-- TASK REQUIREMENTS --
Could you reproduce, word for word, everything below from the line containing "- (a div b)" down to the line containing "case (Suc k)", with both of those lines included and no others?

-- INFORMATION PROVIDED --
(* Assume $\mathrm{char}(\mathbb{F})=p>0$ and $0\ne h\in\mathbb{F}[x]$. Then $A_h$ is not a Noetherian UFD.
   Context: For $h\in\mathbb{F}[x]$, $A_h$ is the unital associative $\mathbb{F}$-algebra generated by $x,\hat y$ with defining relation $\hat yx-x\hat y=h$; it is a Noetherian domain. A Noetherian domain $R$ is a Noetherian unique factorization ring (UFR) if every nonzero prime ideal of $R$ contains a nonzero prime ideal generated by a normal element (an element $v$ with $vR=Rv$). It is a Noetherian unique factorization domain (UFD) if it is a Noetherian UFR and, for every height one prime ideal $P$, the ring $R/P$ is a domain. The height of a prime $P$ is the supremum of lengths of chains of prime ideals ending at $P$. *)

theory Defs
  imports "HOL-Algebra.QuotRing" "HOL-Computational_Algebra.Polynomial" "HOL-Library.Extended_Nat"
begin

text \<open>Elements of A_h are represented in the PBW basis x^i y^j, i.e. as polynomials
  sum_j a_j y^j in y with coefficients a_j in F[x] written on the left.
  Commutation rule: y f = f y + h f' for f in F[x]; this is exactly the
  defining relation y x - x y = h extended as a derivation.\<close>

definition A_delta :: "'a::field poly \<Rightarrow> 'a poly \<Rightarrow> 'a poly" where
  "A_delta h c = h * pderiv c"

definition A_ymul :: "'a::field poly \<Rightarrow> 'a poly poly \<Rightarrow> 'a poly poly" where
  "A_ymul h q = pCons 0 q + map_poly (A_delta h) q"

definition A_mult :: "'a::field poly \<Rightarrow> 'a poly poly \<Rightarrow> 'a poly poly \<Rightarrow> 'a poly poly" where
  "A_mult h p q = (\<Sum>i\<le>degree p. smult (coeff p i) ((A_ymul h ^^ i) q))"

definition A_alg :: "'a::field poly \<Rightarrow> 'a poly poly ring" where
  "A_alg h = \<lparr>carrier = UNIV, monoid.mult = A_mult h, one = 1, zero = 0, add = (+)\<rparr>"

definition nc_domain :: "('a, 'b) ring_scheme \<Rightarrow> bool" where
  "nc_domain R \<longleftrightarrow> ring R \<and> \<one>\<^bsub>R\<^esub> \<noteq> \<zero>\<^bsub>R\<^esub> \<and>
     (\<forall>a\<in>carrier R. \<forall>b\<in>carrier R. a \<otimes>\<^bsub>R\<^esub> b = \<zero>\<^bsub>R\<^esub> \<longrightarrow> a = \<zero>\<^bsub>R\<^esub> \<or> b = \<zero>\<^bsub>R\<^esub>)"

definition left_ideal :: "'a set \<Rightarrow> ('a, 'b) ring_scheme \<Rightarrow> bool" where
  "left_ideal I R \<longleftrightarrow> additive_subgroup I R \<and> (\<forall>r\<in>carrier R. \<forall>a\<in>I. r \<otimes>\<^bsub>R\<^esub> a \<in> I)"

definition right_ideal :: "'a set \<Rightarrow> ('a, 'b) ring_scheme \<Rightarrow> bool" where
  "right_ideal I R \<longleftrightarrow> additive_subgroup I R \<and> (\<forall>r\<in>carrier R. \<forall>a\<in>I. a \<otimes>\<^bsub>R\<^esub> r \<in> I)"

definition nc_noetherian :: "('a, 'b) ring_scheme \<Rightarrow> bool" where
  "nc_noetherian R \<longleftrightarrow> ring R \<and>
     (\<forall>I :: nat \<Rightarrow> 'a set. (\<forall>n. left_ideal (I n) R \<and> I n \<subseteq> I (Suc n)) \<longrightarrow>
        (\<exists>N. \<forall>n\<ge>N. I n = I N)) \<and>
     (\<forall>I :: nat \<Rightarrow> 'a set. (\<forall>n. right_ideal (I n) R \<and> I n \<subseteq> I (Suc n)) \<longrightarrow>
        (\<exists>N. \<forall>n\<ge>N. I n = I N))"

text \<open>Prime ideal of a (noncommutative) ring: proper two-sided ideal P with
  aRb \<subseteq> P implying a \<in> P or b \<in> P (equivalently IJ \<subseteq> P implies I \<subseteq> P or J \<subseteq> P).\<close>
definition nc_prime_ideal :: "('a, 'b) ring_scheme \<Rightarrow> 'a set \<Rightarrow> bool" where
  "nc_prime_ideal R P \<longleftrightarrow> ideal P R \<and> P \<noteq> carrier R \<and>
     (\<forall>a\<in>carrier R. \<forall>b\<in>carrier R.
        (\<forall>r\<in>carrier R. a \<otimes>\<^bsub>R\<^esub> r \<otimes>\<^bsub>R\<^esub> b \<in> P) \<longrightarrow> a \<in> P \<or> b \<in> P)"

definition normal_elem :: "('a, 'b) ring_scheme \<Rightarrow> 'a \<Rightarrow> bool" where
  "normal_elem R v \<longleftrightarrow> v \<in> carrier R \<and>
     (\<lambda>r. v \<otimes>\<^bsub>R\<^esub> r) ` carrier R = (\<lambda>r. r \<otimes>\<^bsub>R\<^esub> v) ` carrier R"

definition prime_height :: "('a, 'b) ring_scheme \<Rightarrow> 'a set \<Rightarrow> enat" where
  "prime_height R P = Sup {enat n | n. \<exists>C :: nat \<Rightarrow> 'a set.
      (\<forall>i\<le>n. nc_prime_ideal R (C i)) \<and> (\<forall>i<n. C i \<subset> C (Suc i)) \<and> C n = P}"

definition noetherian_UFR :: "('a, 'b) ring_scheme \<Rightarrow> bool" where
  "noetherian_UFR R \<longleftrightarrow> nc_noetherian R \<and> nc_domain R \<and>
     (\<forall>P. nc_prime_ideal R P \<and> P \<noteq> {\<zero>\<^bsub>R\<^esub>} \<longrightarrow>
        (\<exists>v. normal_elem R v \<and> nc_prime_ideal R (genideal R {v}) \<and>
             genideal R {v} \<noteq> {\<zero>\<^bsub>R\<^esub>} \<and> genideal R {v} \<subseteq> P))"

definition noetherian_UFD :: "('a, 'b) ring_scheme \<Rightarrow> bool" where
  "noetherian_UFD R \<longleftrightarrow> noetherian_UFR R \<and>
     (\<forall>P. nc_prime_ideal R P \<and> prime_height R P = 1 \<longrightarrow> nc_domain (R Quot P))"

end

theory Submission
  imports Defs "HOL-Computational_Algebra.Polynomial_Factorial"
begin

text \<open>
  Let \<open>f\<close> be a prime factor of \<open>x h\<^sup>p + 1\<close>. Then \<open>f\<close> does not divide \<open>h\<close>, and
  \<open>f' \<noteq> 0\<close> because \<open>(x h\<^sup>p + 1)' = h\<^sup>p\<close>. The polynomial \<open>z = f\<^sup>p\<close> has \<open>z' = 0\<close>, so it is
  central in \<open>A\<^sub>h\<close> and \<open>Z = z A\<^sub>h\<close> is a two-sided ideal.

  \<open>Z\<close> is prime: for an ideal \<open>I \<supseteq> Z\<close>, the \<open>n\<close>-th coefficients of those elements of \<open>I\<close> whose
  higher coefficients lie in \<open>z F[x]\<close> form an ideal of \<open>F[x]\<close> stable under \<open>h d/dx\<close>
  (commutators with \<open>y\<close>). Below \<open>p\<close>, \<open>h d/dx\<close> lowers the \<open>f\<close>-adic valuation by one, so that
  ideal contains \<open>1\<close> as soon as it contains an element not divisible by \<open>z\<close>; a leading-term
  comparison modulo \<open>z\<close> then gives primality.

  \<open>Z\<close> has height one: in a UFR a nonzero prime strictly inside \<open>Z\<close> would contain a principal
  prime \<open>(v) \<subseteq> Z\<close>, and writing \<open>v = z r\<close>, primality of \<open>(v)\<close> forces \<open>z \<in> (v)\<close> or
  \<open>v \<in> z\<^sup>k A\<^sub>h\<close> for all \<open>k\<close>. But \<open>f \<cdot> f\<^sup>p\<^sup>-\<^sup>1 \<in> Z\<close> with neither factor in \<open>Z\<close>, so \<open>A\<^sub>h/Z\<close> is not
  a domain. The ring axioms of \<open>A\<^sub>h\<close> are never proved: they are part of the UFD hypothesis.
\<close>

section \<open>Polynomials over a field\<close>

lemma poly_coprime_bezout:
  fixes a b :: "'a::field poly"
  assumes "coprime a b"
  shows "\<exists>s t. s * a + t * b = 1"
  using assms
proof (induction b arbitrary: a rule: measure_induct_rule[where f = "\<lambda>b. if b = 0 then 0 else Suc (degree b)"])
  case (less b)
  show ?case
  proof (cases "b = 0")
    case True
    with less.prems obtain e where "1 = a * e" by (auto elim: dvdE)
    then have "e * a + 0 * b = 1" by (simp add: mult.commute)
    then show ?thesis by blast
  next
    case False
    have "coprime b (a mod b)"
      using less.prems by (auto intro!: coprimeI dest: coprime_common_divisor simp: dvd_mod_iff)
    moreover have "(if a mod b = 0 then 0 else Suc (degree (a mod b))) < Suc (degree b)"
      using False degree_mod_less[of b a] by auto
    ultimately obtain s t where "s * b + t * (a mod b) = 1"
      using less.IH False by fastforce
    moreover have "a mod b = a - (a div b) * b"
      by (simp add: minus_div_mult_eq_mod)
    ultimately have "t * a + (s - t * (a div b)) * b = 1"
      by (simp add: algebra_simps)
    then show ?thesis by blast
  qed
qed

lemma prime_elem_bezout_power:
  fixes f g :: "'a::field poly"
  assumes "prime_elem f" "\<not> f dvd g"
  shows "\<exists>s t. s * g + t * f ^ k = 1"
proof (induction k)
  case 0
  show ?case by (rule exI[of _ 0], rule exI[of _ 1]) simp
next
  case (Suc k)
  then obtain u v where uv: "u * g + v * f ^ k = 1" by blast
  have "coprime f g"
    by (rule coprimeI) (use assms prime_elemD2 dvd_trans in blast)
  then obtain s t where st: "s * f + t * g = 1" using poly_coprime_bezout by blast
  have "1 = (u * g + v * f ^ k) * (s * f + t * g)" using uv st by simp
  also have "\<dots> = (u * s * f + u * t * g + v * f ^ k * t) * g + (v * s) * f ^ Suc k"
    by (simp add: algebra_simps)
  finally show ?case by metis
qed

lemma pderiv_nonzero_not_dvd:
  fixes f :: "'a::field poly"
  assumes "pderiv f \<noteq> 0"
  shows "\<not> f dvd pderiv f"
proof
  assume "f dvd pderiv f"
  then have "degree f \<le> degree (pderiv f)" using assms by (rule dvd_imp_degree_le)
  moreover have "degree (pderiv f) \<le> degree f - 1"
    by (rule degree_le) (auto simp: coeff_pderiv coeff_eq_0)
  moreover have "degree f \<noteq> 0" using assms by (metis degree_eq_zeroE pderiv_singleton)
  ultimately show False by simp
qed

lemma pderiv_power_CHAR [simp]: "pderiv (f ^ CHAR('a)) = (0 :: 'a::field poly)"
  by (simp add: pderiv_power)

lemma prime_elem_degree_pos: "prime_elem (f :: 'a::field poly) \<Longrightarrow> degree f > 0"
  using is_unit_iff_degree[of f] by (auto simp: prime_elem_def)

lemma exists_prime_factor_poly:
  fixes g :: "'a::field poly"
  assumes "degree g > 0"
  obtains f where "prime_elem f" "f dvd g"
proof -
  have "g \<noteq> 0" using assms by auto
  obtain P where P: "prod_mset P = smult (inverse (lead_coeff g)) g" "\<forall>q\<in>#P. prime_elem q"
    using field_poly_prod_mset_prime_factorization[OF \<open>g \<noteq> 0\<close>]
      field_poly_in_prime_factorization_imp_prime by blast
  have "P \<noteq> {#}"
  proof
    assume "P = {#}"
    then have "degree (smult (inverse (lead_coeff g)) g) = 0" using P(1) by (metis degree_1 prod_mset_empty)
    then show False using assms \<open>g \<noteq> 0\<close> by simp
  qed
  then obtain f where f: "f \<in># P" by blast
  have "f dvd smult (inverse (lead_coeff g)) g" using P(1) f by (metis dvd_prod_mset)
  then have "f dvd g" using \<open>g \<noteq> 0\<close> by (simp add: dvd_smult_cancel)
  then show ?thesis using that P(2) f by blast
qed

lemma exists_separable_prime_not_dvd:
  fixes h :: "'a::field poly"
  assumes "CHAR('a) > 0" "h \<noteq> 0"
  shows "\<exists>f. prime_elem f \<and> pderiv f \<noteq> 0 \<and> \<not> f dvd h"
proof -
  define g where "g = [:0, 1:] * h ^ CHAR('a) + 1"
  have "degree ([:0, 1:] * h ^ CHAR('a)) = Suc (CHAR('a) * degree h)"
    using assms(2) by (simp add: degree_mult_eq degree_power_eq)
  then have "degree g > 0" unfolding g_def by (subst degree_add_eq_left) auto
  then obtain f where "prime_elem f" "f dvd g" by (rule exists_prime_factor_poly)
  have f_not_dvd_h: "\<not> f dvd h"
  proof
    assume "f dvd h"
    then have "f dvd h ^ CHAR('a)" using assms(1) by (metis dvd_power dvd_trans)
    then have "f dvd [:0, 1:] * h ^ CHAR('a)" by (rule dvd_mult)
    then have "f dvd 1" using \<open>f dvd g\<close> unfolding g_def by (simp add: dvd_add_right_iff)
    then show False using \<open>prime_elem f\<close> by (simp add: prime_elem_def)
  qed
  moreover have "pderiv f \<noteq> 0"
  proof
    assume "pderiv f = 0"
    obtain q where "g = f * q" using \<open>f dvd g\<close> by (auto elim: dvdE)
    then have "pderiv g = f * pderiv q" by (simp add: pderiv_mult \<open>pderiv f = 0\<close>)
    moreover have "pderiv g = h ^ CHAR('a)" unfolding g_def by (simp add: pderiv_add pderiv_pCons)
    ultimately have "f dvd h ^ CHAR('a)" by (metis dvd_triv_left)
    then show False using prime_elem_dvd_power[OF \<open>prime_elem f\<close>] f_not_dvd_h by blast
  qed
  ultimately show ?thesis using \<open>prime_elem f\<close> by blast
qed

lemma pderiv_lowers_multiplicity:
  fixes f h u :: "'a::field poly"
  assumes f: "prime_elem f" "pderiv f \<noteq> 0" "\<not> f dvd h"
    and k: "of_nat (Suc k) \<noteq> (0::'a)"
    and u: "f ^ Suc k dvd u" "\<not> f ^ Suc (Suc k) dvd u"
  shows "\<not> f ^ Suc k dvd h * pderiv u"
proof
  assume dvd: "f ^ Suc k dvd h * pderiv u"
  obtain w where w: "u = f ^ Suc k * w" using u(1) by (auto elim: dvdE)
  have "\<not> f dvd w" using u(2) unfolding w by (auto simp: power_Suc2 mult_dvd_mono)
  define m where "m = h * (f * pderiv w + smult (of_nat (Suc k)) (w * pderiv f))"
  have "h * pderiv u = f ^ k * m"
    unfolding w m_def pderiv_mult pderiv_power_Suc by (simp add: algebra_simps)
  with dvd have "f ^ k * f dvd f ^ k * m" by (simp add: power_Suc2)
  then have "f dvd m" using f(1) by (simp add: prime_elem_def)
  then have "f dvd smult (of_nat (Suc k)) (w * pderiv f)"
    unfolding m_def using f(3) by (simp add: prime_elem_dvd_mult_iff[OF f(1)] dvd_add_right_iff)
  then have "f dvd w * pderiv f" using k by (simp add: dvd_smult_cancel)
  then show False
    using \<open>\<not> f dvd w\<close> pderiv_nonzero_not_dvd[OF f(2)] by (simp add: prime_elem_dvd_mult_iff[OF f(1)])
qed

-- THE ANSWER --
    moreover have "a mod b = a - (a div b) * b"
      by (simp add: minus_div_mult_eq_mod)
    ultimately have "t * a + (s - t * (a div b)) * b = 1"
      by (simp add: algebra_simps)
    then show ?thesis by blast
  qed
qed

lemma prime_elem_bezout_power:
  fixes f g :: "'a::field poly"
  assumes "prime_elem f" "\<not> f dvd g"
  shows "\<exists>s t. s * g + t * f ^ k = 1"
proof (induction k)
  case 0
  show ?case by (rule exI[of _ 0], rule exI[of _ 1]) simp
next
  case (Suc k)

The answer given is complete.